#### [Task requirements]
Each line from the one with "using K gamma unfolding rhs_def" to the final line of the data must be reproduced exactly, and no other line may appear.

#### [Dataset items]
┌──
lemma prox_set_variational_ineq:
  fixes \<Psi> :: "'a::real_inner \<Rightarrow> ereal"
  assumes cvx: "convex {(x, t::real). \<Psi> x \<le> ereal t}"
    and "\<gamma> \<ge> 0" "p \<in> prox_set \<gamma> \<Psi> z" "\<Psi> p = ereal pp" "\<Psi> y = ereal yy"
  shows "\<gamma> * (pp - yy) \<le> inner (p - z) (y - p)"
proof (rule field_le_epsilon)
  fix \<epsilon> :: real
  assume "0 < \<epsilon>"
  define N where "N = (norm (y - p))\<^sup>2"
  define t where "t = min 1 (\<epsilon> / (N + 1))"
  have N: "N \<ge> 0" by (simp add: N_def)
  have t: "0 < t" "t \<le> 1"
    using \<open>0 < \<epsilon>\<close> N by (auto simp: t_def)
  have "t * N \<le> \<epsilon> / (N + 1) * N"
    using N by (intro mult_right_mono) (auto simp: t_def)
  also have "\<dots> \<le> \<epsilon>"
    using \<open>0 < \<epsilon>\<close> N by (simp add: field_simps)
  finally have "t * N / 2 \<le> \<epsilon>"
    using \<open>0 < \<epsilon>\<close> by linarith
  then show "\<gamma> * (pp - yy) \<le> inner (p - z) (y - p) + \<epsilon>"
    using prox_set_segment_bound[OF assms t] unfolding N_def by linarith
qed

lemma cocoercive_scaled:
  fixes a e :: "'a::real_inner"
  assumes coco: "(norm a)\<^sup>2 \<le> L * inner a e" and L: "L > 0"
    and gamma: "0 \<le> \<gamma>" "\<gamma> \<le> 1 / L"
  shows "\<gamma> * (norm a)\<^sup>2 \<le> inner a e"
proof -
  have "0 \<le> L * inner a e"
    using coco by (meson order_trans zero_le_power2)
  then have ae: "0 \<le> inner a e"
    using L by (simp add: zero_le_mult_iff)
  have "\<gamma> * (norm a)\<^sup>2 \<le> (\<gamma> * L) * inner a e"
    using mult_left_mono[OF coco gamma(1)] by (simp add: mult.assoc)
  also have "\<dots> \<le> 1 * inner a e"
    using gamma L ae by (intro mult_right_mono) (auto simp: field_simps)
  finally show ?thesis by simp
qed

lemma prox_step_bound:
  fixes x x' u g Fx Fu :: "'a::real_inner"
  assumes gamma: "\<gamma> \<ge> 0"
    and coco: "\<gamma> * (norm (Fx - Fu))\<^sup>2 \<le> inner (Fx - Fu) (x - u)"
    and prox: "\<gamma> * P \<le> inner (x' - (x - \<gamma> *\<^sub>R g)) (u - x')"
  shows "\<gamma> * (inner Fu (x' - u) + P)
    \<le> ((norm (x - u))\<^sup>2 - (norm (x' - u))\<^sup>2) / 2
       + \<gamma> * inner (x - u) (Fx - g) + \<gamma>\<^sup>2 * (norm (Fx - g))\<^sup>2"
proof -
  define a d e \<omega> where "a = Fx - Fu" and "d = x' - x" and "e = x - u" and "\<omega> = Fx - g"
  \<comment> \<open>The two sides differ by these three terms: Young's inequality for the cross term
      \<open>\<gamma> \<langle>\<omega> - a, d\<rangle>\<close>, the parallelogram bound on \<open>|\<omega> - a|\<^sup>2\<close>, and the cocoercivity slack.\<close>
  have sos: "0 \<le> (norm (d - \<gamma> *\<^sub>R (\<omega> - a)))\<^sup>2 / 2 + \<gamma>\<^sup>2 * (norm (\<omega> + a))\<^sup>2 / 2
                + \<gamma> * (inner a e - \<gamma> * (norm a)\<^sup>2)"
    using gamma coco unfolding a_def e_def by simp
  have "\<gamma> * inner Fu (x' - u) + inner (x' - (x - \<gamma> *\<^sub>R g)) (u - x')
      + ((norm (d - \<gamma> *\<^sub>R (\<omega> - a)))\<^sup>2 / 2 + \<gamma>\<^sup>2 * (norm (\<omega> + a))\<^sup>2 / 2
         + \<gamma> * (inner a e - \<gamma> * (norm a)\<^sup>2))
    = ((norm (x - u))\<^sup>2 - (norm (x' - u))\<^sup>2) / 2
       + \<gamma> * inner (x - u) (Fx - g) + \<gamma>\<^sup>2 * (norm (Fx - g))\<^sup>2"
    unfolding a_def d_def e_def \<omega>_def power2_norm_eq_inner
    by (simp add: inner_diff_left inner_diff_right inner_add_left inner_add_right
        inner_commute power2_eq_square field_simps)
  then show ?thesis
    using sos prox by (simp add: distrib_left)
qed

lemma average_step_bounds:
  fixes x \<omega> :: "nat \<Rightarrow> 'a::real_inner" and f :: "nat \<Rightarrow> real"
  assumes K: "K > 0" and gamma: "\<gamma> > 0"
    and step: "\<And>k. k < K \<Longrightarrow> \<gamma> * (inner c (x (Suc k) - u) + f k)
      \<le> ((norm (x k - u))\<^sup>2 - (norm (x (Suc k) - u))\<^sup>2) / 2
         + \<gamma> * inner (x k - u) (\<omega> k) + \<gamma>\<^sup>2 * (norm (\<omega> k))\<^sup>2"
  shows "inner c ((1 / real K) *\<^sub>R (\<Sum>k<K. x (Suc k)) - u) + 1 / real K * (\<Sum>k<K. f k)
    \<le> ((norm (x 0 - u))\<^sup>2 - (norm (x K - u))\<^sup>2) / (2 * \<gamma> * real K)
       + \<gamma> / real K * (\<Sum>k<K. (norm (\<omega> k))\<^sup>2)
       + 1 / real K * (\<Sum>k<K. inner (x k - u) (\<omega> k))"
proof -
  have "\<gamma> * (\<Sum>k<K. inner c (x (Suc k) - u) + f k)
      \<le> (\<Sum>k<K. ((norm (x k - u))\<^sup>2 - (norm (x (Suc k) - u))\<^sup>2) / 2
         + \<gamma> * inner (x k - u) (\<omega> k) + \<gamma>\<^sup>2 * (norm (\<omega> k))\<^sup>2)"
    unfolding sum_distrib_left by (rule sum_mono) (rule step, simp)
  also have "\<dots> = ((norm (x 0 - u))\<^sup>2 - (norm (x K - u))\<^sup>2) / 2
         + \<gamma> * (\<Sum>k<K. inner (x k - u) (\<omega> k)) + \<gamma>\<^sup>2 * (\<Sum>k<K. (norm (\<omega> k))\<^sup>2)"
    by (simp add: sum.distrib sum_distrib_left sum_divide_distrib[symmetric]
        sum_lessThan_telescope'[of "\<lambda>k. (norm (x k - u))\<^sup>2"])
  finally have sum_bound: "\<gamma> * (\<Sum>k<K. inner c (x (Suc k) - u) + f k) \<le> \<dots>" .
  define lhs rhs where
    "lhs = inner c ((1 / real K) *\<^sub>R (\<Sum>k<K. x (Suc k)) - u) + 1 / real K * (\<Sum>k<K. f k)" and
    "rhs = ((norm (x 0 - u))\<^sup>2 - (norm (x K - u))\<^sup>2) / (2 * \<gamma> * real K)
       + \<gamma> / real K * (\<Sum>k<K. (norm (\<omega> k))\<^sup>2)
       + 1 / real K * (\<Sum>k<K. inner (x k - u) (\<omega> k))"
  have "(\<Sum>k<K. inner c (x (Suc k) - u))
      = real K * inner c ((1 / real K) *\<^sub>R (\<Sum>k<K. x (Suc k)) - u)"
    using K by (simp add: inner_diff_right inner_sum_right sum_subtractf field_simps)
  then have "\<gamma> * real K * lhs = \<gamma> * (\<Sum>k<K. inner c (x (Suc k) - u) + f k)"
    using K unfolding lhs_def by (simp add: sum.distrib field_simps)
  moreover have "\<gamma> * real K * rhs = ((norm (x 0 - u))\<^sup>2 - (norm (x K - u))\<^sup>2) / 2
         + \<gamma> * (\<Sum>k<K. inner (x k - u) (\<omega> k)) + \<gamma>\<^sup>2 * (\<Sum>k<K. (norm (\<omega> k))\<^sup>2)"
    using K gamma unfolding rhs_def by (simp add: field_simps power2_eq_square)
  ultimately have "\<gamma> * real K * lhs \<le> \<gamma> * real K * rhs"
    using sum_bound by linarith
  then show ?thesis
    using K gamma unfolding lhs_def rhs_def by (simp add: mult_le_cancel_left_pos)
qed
└──
#### [Result for this task]
    using K gamma unfolding rhs_def by (simp add: field_simps power2_eq_square)
  ultimately have "\<gamma> * real K * lhs \<le> \<gamma> * real K * rhs"
    using sum_bound by linarith
  then show ?thesis
    using K gamma unfolding lhs_def rhs_def by (simp add: mult_le_cancel_left_pos)
qed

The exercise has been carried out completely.